Shore durometers, instead, apply the
load by means of a spring.
 On the type A durometer the tail is dull
conical and the scale arrives to 90 Sh A.
On the type D durometer the tail isn’t dull
and it can be used over 90 Sh A.
The Shore A scale is similar to the IRHD
scale, but a perfect correlation doesn’t
exist.
In most of the application hardness vary
between 40 and 90 ShA.
Mechanical properties include tensile
strength, elongation at break and the tensile
modulus and they are determined
with a dinamometer by means of
monoaxial tensile tests of standard test
pieces according standard test methods.
Tensile strength: it is the strength,
expressed in Mpa or N/mm2, required for
a standard specimen to break under tension
and under constant elongation.
This characteristic may usually vary from
5 to about 50 n/mm2, depending upon the
compound and the additives used.
Elongation: it is the axial deformation of
the specimen under the applied load and
it is expressed in percentage compared to
the initial dimension.
Elongation at break is determined in correspondance
of the tensile strength.
It usually varies between 100% and even
more than 1.000%, depending upon the
tested compound.
 Tensile modulus: it is defined as the force
to get a certain elongation.
It is measured in N/mm2 and it is typically referred to a 100% or 300% elongation.
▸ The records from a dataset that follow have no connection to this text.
lemma restricted_term_crt:
  assumes adm: "kl_admissible (c1 * e1) (c2 * e2) v"
    and bez1: "p1 * e1 + q1 * c1 = 1" and bez2: "p2 * e2 + q2 * c2 = 1"
    and i1: "[e2 * i1 = 1] (mod c1)" and j1: "[c2 * j1 = 1] (mod e1)"
  shows "restricted_term (c1 * e1) (c2 * e2) a b u t v =
    restricted_term c1 c2 (a * p1) (b * p2 * e1) u (i1 * t) (crt_proj e1 e2 v) *
    restricted_term e1 e2 (a * q1) (b * q2 * c1) u (j1 * t) (crt_proj c1 c2 v)"
proof -
  obtain B1 C1 B2 C2 where v: "v = (B1, C1, B2, C2)" by (cases v) auto
  define n1 n2 where "n1 = n1_coeff (c1 * e1) (c2 * e2) v" and "n2 = n2_coeff (c1 * e1) (c2 * e2) v"
  define n1c n2c where "n1c = n1_coeff c1 c2 (crt_proj e1 e2 v)" and
    "n2c = n2_coeff c1 c2 (crt_proj e1 e2 v)"
  define n1e n2e where "n1e = n1_coeff e1 e2 (crt_proj c1 c2 v)" and
    "n2e = n2_coeff e1 e2 (crt_proj c1 c2 v)"
  have adm': "kl_admissible (e1 * c1) (e2 * c2) v" using adm by (simp add: mult.commute)
  have nc: "[n1 = e2 * n1c] (mod c1)" "[n2 = e1 * n2c] (mod c2)"
    unfolding n1_def n2_def n1c_def n2c_def
    using n1_coeff_crt_proj[OF adm] n2_coeff_crt_proj[OF adm] coprime_crt_factors by simp_all
  have ne: "[n1 = c2 * n1e] (mod e1)" "[n2 = c1 * n2e] (mod e2)"
    unfolding n1_def n2_def n1e_def n2e_def
    using n1_coeff_crt_proj[OF adm'] n2_coeff_crt_proj[OF adm'] coprime_crt_factors
    by (simp_all add: mult.commute)
  have "[n1 = t] (mod c1) \<longleftrightarrow> [e2 * n1c = t] (mod c1)" "[n1 = t] (mod e1) \<longleftrightarrow> [c2 * n1e = t] (mod e1)"
    using nc(1) ne(1) by (meson cong_sym cong_trans)+
  then have n1_iff: "[n1 = t] (mod c1 * e1) \<longleftrightarrow> [n1c = i1 * t] (mod c1) \<and> [n1e = j1 * t] (mod e1)"
    using cong_mult_inverse_iff[OF i1] cong_mult_inverse_iff[OF j1] coprime_crt_factors
    by (simp add: coprime_cong_mult_iff)
  have n2c: "[p2 * (b * n2) = b * p2 * e1 * n2c] (mod c2)"
    using cong_scalar_left[OF nc(2), of "b * p2"] by (simp add: ac_simps)
  have n2e: "[q2 * (b * n2) = b * q2 * c1 * n2e] (mod e2)"
    using cong_scalar_left[OF ne(2), of "b * q2"] by (simp add: ac_simps)
  have "ee (of_int (b * n2) / of_int (c2 * e2)) =
      ee (of_int (b * p2 * e1 * n2c) / of_int c2) * ee (of_int (b * q2 * c1 * n2e) / of_int e2)"
    using ee_crt_split[OF bez2, of "b * n2"] ee_cong[OF n2c] ee_cong[OF n2e] pos by simp
  moreover have "ee (of_int (a * B1) / of_int (c1 * e1)) =
      ee (of_int (a * p1 * B1) / of_int c1) * ee (of_int (a * q1 * B1) / of_int e1)"
    using ee_crt_split[OF bez1, of "a * B1"] pos by (simp add: ac_simps)
  moreover have "[B2 = u] (mod c2 * e2) \<longleftrightarrow> [B2 = u] (mod c2) \<and> [B2 = u] (mod e2)"
    using coprime_crt_factors by (simp add: coprime_cong_mult_iff)
  ultimately show ?thesis
    using n1_iff unfolding n1_def n2_def n1c_def n2c_def n1e_def n2e_def
    by (simp add: restricted_term_def v crt_proj_def ac_simps)
qed
(* Let $T=(V,E,F)$ be a triangulated surface and $\phi:|T|\to\mathbb C$ a geodesic homeomorphism whose induced PL metric is uniformly nondegenerate with constant $\epsilon>0$. There is a constant $C=C(\epsilon)>0$, depending only on $\epsilon$, such that: whenever $0<r_1<r_2$ and $V_1,V_2$ are nonempty subsets of $V$ with $\phi(V_1)\subseteq D_{r_1}$, $\phi(V_2)\subseteq\mathbb C\setminus D_{r_2}$, and $\phi(R_i)\subseteq D_{r_2}$ for every $i\in V_1$, one has $$\mathrm{VEL}(V_1,V_2)\ge C\Big(1-\big(\tfrac{r_1}{r_2}\big)^2\Big).$$ In particular, if $r_2\ge2r_1$ then $\mathrm{VEL}(V_1,V_2)\ge \tfrac34 C$.
   Context: A geodesic homeomorphism $\phi:|T|\to\mathbb C$ maps each edge to the straight segment between the images of its endpoints and $|T|$ homeomorphically onto $\mathbb C$; uniformly nondegenerate with constant $\epsilon$ means all inner angles of the image triangles are $\ge\epsilon$. $R_i$ is the union of the triangles containing $i$; $D_r=\{|z|<r\}$. For disjoint nonempty $V_1,V_2\subseteq V$, $\Gamma(V_1,V_2)$ is the set of finite paths in the graph $(V,E)$ joining a vertex of $V_1$ to a vertex of $V_2$. A vertex metric $\eta:V\to[0,\infty)$ is $\Gamma(V_1,V_2)$-admissible if $\sum_{v\in\gamma}\eta(v)\ge1$ for every $\gamma\in\Gamma(V_1,V_2)$ (sum over the vertices of $\gamma$). $\mathrm{Mod}(V_1,V_2)=\inf\{\sum_{v\in V}\eta(v)^2:\eta\text{ admissible}\}$ and $\mathrm{VEL}(V_1,V_2)=1/\mathrm{Mod}(V_1,V_2)$. *)

theory Defs
  imports "HOL-Analysis.Analysis" "HOL-Library.Extended_Nonnegative_Real"
begin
Therefore, if for example 8 n/mm2 are requested to get an elongation of 100%,
this material shows an 8 N/mm2 modulus under 100% of elongation.
The modulus may be considered an indicator of the degree of crosslinking in a compound and it is determined during the tensile test. It varies from 1 N/mm2 to 13 N/mm2, depending on the chemical composition of the compound.
 Rubber parts may break during their service
life because of propagation of notches,
especially if close to edges.
Tear strength: it is a force per thickness
unit required to tear a specimen in two.
It’s usually expressed in N/mm.
Friction and abrasion: they are correlated
phenomenas because abrasion consists
of in a removal of material particles from
the surface due to friction. In absence of
friction abrasion doesn’t take place.
For a rubber part, the friction coefficient
depends upon several factors, like shape,
composition, temperature, pressure and
surface quality.
Friction generates heat and a long period
of permanence at high temperature may
bring to an accelerated aging of the part.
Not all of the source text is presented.